** Task to carry out **
Everything from the first line of the entries through the line containing "using A B by (simp_all add: vpa_wf_def)" is to be retyped exactly, and nothing beyond it.

__________

lemma wn_shuffle_subset_vpa_lang_shuffle:
  assumes A: "vpa_wf \<Sigma>1 \<kappa> A" and B: "vpa_wf \<Sigma>2 \<kappa> B" and disj: "\<Sigma>1 \<inter> \<Sigma>2 = {}"
    and wm1: "\<forall>u \<in> vpa_lang \<Sigma>1 \<kappa> A. well_matched \<kappa> u" and wm2: "\<forall>u \<in> vpa_lang \<Sigma>2 \<kappa> B. well_matched \<kappa> u"
  shows "wn \<Sigma>1 \<Sigma>2 \<kappa> (shuffle \<Sigma>1 \<Sigma>2 (vpa_lang \<Sigma>1 \<kappa> A) (vpa_lang \<Sigma>2 \<kappa> B))
    \<subseteq> vpa_lang (\<Sigma>1 \<union> \<Sigma>2) \<kappa> (vpa_shuffle A B)"
proof
  fix w assume "w \<in> wn \<Sigma>1 \<Sigma>2 \<kappa> (shuffle \<Sigma>1 \<Sigma>2 (vpa_lang \<Sigma>1 \<kappa> A) (vpa_lang \<Sigma>2 \<kappa> B))"
  then have w: "w \<in> lists (\<Sigma>1 \<union> \<Sigma>2)" "well_nested \<Sigma>1 \<Sigma>2 \<kappa> w"
    and w1: "filter (\<lambda>x. x \<in> \<Sigma>1) w \<in> vpa_lang \<Sigma>1 \<kappa> A" and w2: "filter (\<lambda>x. x \<in> \<Sigma>2) w \<in> vpa_lang \<Sigma>2 \<kappa> B"
    unfolding wn_def shuffle_def by auto
  from w1 obtain p p' s where p: "p \<in> initial A" "p' \<in> final A"
    "vpa_steps A \<kappa> (p, []) (filter (\<lambda>x. x \<in> \<Sigma>1) w) (p', s)"
    unfolding vpa_lang_def by blast
  from w2 obtain q q' t where q: "q \<in> initial B" "q' \<in> final B"
    "vpa_steps B \<kappa> (q, []) (filter (\<lambda>x. x \<in> \<Sigma>2) w) (q', t)"
    unfolding vpa_lang_def by blast
  have "initial A \<subseteq> states A" "initial B \<subseteq> states B"
    using A B by (simp_all add: vpa_wf_def)
  with p(1) q(1) have states: "p \<in> states A" "q \<in> states B"
    by auto
  have aligned: "\<exists>c rest. pending_calls \<kappa> x = c # rest \<and> (c \<in> \<Sigma>1 \<longleftrightarrow> a \<in> \<Sigma>1)"
    if "w = x @ a # y" "\<kappa> a = Ret" for x a y
    using well_nested_return_matches_pending_call[OF disj w(1) _ _ w(2) that]
      wm1[rule_format, OF w1] wm2[rule_format, OF w2] by blast
  have "\<exists>S'. vpa_steps (vpa_shuffle A B) \<kappa> ((p, q), []) w ((p', q'), S')"
    by (rule vpa_steps_shuffleI[OF A B disj w(1) aligned, where u = "[]"])
      (use states p(3) q(3) in simp_all)
  with w(1) p(1,2) q(1,2) show "w \<in> vpa_lang (\<Sigma>1 \<union> \<Sigma>2) \<kappa> (vpa_shuffle A B)"
    unfolding vpa_lang_def by fastforce
qed

theorem theorem3p14:
  fixes \<Sigma>1 \<Sigma>2 :: "'a set"
    and \<kappa> :: "'a \<Rightarrow> letter_kind"
    and P1 P2 :: "'a list set"
    and prec :: "'a list \<Rightarrow> 'a \<Rightarrow> 'a \<Rightarrow> bool"
  assumes "finite \<Sigma>1" and "finite \<Sigma>2" and "\<Sigma>1 \<inter> \<Sigma>2 = {}"
    and "P1 \<subseteq> lists \<Sigma>1" and "P2 \<subseteq> lists \<Sigma>2"
    and "\<forall>w \<in> P1. well_matched \<kappa> w" and "\<forall>w \<in> P2. well_matched \<kappa> w"
    and "is_vpl \<Sigma>1 \<kappa> P1" and "is_vpl \<Sigma>2 \<kappa> P2"
    and "vp_contextual_order (\<Sigma>1 \<union> \<Sigma>2) \<kappa> prec"
    and "red \<Sigma>1 \<Sigma>2 prec (shuffle \<Sigma>1 \<Sigma>2 P1 P2)
           \<subseteq> wn \<Sigma>1 \<Sigma>2 \<kappa> (shuffle \<Sigma>1 \<Sigma>2 P1 P2)"
  shows "is_vpl (\<Sigma>1 \<union> \<Sigma>2) \<kappa> (red \<Sigma>1 \<Sigma>2 prec (shuffle \<Sigma>1 \<Sigma>2 P1 P2))"
proof -
  obtain A1 :: "(nat, nat, 'a) vpa" where A1: "vpa_wf \<Sigma>1 \<kappa> A1" and P1: "vpa_lang \<Sigma>1 \<kappa> A1 = P1"
    using assms(8) unfolding is_vpl_def by blast
  obtain A2 :: "(nat, nat, 'a) vpa" where A2: "vpa_wf \<Sigma>2 \<kappa> A2" and P2: "vpa_lang \<Sigma>2 \<kappa> A2 = P2"
    using assms(9) unfolding is_vpl_def by blast
  have co: "contextual_order (\<Sigma>1 \<union> \<Sigma>2) prec"
    using assms(10) by (simp add: vp_contextual_order_def)
  obtain D :: "(nat, nat, 'a) dvpa" and ord
    where D: "dvpa_wf (\<Sigma>1 \<union> \<Sigma>2) \<kappa> D" and ord: "\<forall>w \<in> lists (\<Sigma>1 \<union> \<Sigma>2). prec w = ord (dvpa_state D \<kappa> w)"
    using assms(10) unfolding vp_contextual_order_def by blast
  let ?M = "vpa_inter (vpa_shuffle A1 A2) (forbidden_checker \<Sigma>1 \<Sigma>2 \<kappa> ord D)"
  have "wn \<Sigma>1 \<Sigma>2 \<kappa> (shuffle \<Sigma>1 \<Sigma>2 P1 P2) \<subseteq> vpa_lang (\<Sigma>1 \<union> \<Sigma>2) \<kappa> (vpa_shuffle A1 A2)"
    using wn_shuffle_subset_vpa_lang_shuffle[OF A1 A2 assms(3) assms(6,7)[folded P1 P2]]
    unfolding P1 P2 .
  moreover have "vpa_lang (\<Sigma>1 \<union> \<Sigma>2) \<kappa> (vpa_shuffle A1 A2) \<subseteq> shuffle \<Sigma>1 \<Sigma>2 P1 P2"
    using vpa_lang_shuffle_subset[OF A1 A2 assms(3)] unfolding P1 P2 .
  ultimately have "red \<Sigma>1 \<Sigma>2 prec (shuffle \<Sigma>1 \<Sigma>2 P1 P2) = vpa_lang (\<Sigma>1 \<union> \<Sigma>2) \<kappa> ?M"
    unfolding vpa_lang_inter vpa_lang_forbidden_checker[OF assms(1,2) D ord]
    by (rule red_shuffle_eq[OF assms(3) co _ _ assms(11)])
  moreover have "vpa_wf (\<Sigma>1 \<union> \<Sigma>2) \<kappa> ?M"
    using A1 A2 vpa_wf_forbidden_checker[OF assms(1,2) D]
    by (intro vpa_wf_inter vpa_wf_shuffle)
  ultimately show ?thesis
    by (simp add: is_vpl_vpa_lang)
qed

__________

** Solution to the exercise **
lemma wn_shuffle_subset_vpa_lang_shuffle:
  assumes A: "vpa_wf \<Sigma>1 \<kappa> A" and B: "vpa_wf \<Sigma>2 \<kappa> B" and disj: "\<Sigma>1 \<inter> \<Sigma>2 = {}"
    and wm1: "\<forall>u \<in> vpa_lang \<Sigma>1 \<kappa> A. well_matched \<kappa> u" and wm2: "\<forall>u \<in> vpa_lang \<Sigma>2 \<kappa> B. well_matched \<kappa> u"
  shows "wn \<Sigma>1 \<Sigma>2 \<kappa> (shuffle \<Sigma>1 \<Sigma>2 (vpa_lang \<Sigma>1 \<kappa> A) (vpa_lang \<Sigma>2 \<kappa> B))
    \<subseteq> vpa_lang (\<Sigma>1 \<union> \<Sigma>2) \<kappa> (vpa_shuffle A B)"
proof
  fix w assume "w \<in> wn \<Sigma>1 \<Sigma>2 \<kappa> (shuffle \<Sigma>1 \<Sigma>2 (vpa_lang \<Sigma>1 \<kappa> A) (vpa_lang \<Sigma>2 \<kappa> B))"
  then have w: "w \<in> lists (\<Sigma>1 \<union> \<Sigma>2)" "well_nested \<Sigma>1 \<Sigma>2 \<kappa> w"
    and w1: "filter (\<lambda>x. x \<in> \<Sigma>1) w \<in> vpa_lang \<Sigma>1 \<kappa> A" and w2: "filter (\<lambda>x. x \<in> \<Sigma>2) w \<in> vpa_lang \<Sigma>2 \<kappa> B"
    unfolding wn_def shuffle_def by auto
  from w1 obtain p p' s where p: "p \<in> initial A" "p' \<in> final A"
    "vpa_steps A \<kappa> (p, []) (filter (\<lambda>x. x \<in> \<Sigma>1) w) (p', s)"
    unfolding vpa_lang_def by blast
  from w2 obtain q q' t where q: "q \<in> initial B" "q' \<in> final B"
    "vpa_steps B \<kappa> (q, []) (filter (\<lambda>x. x \<in> \<Sigma>2) w) (q', t)"
    unfolding vpa_lang_def by blast
  have "initial A \<subseteq> states A" "initial B \<subseteq> states B"
    using A B by (simp_all add: vpa_wf_def)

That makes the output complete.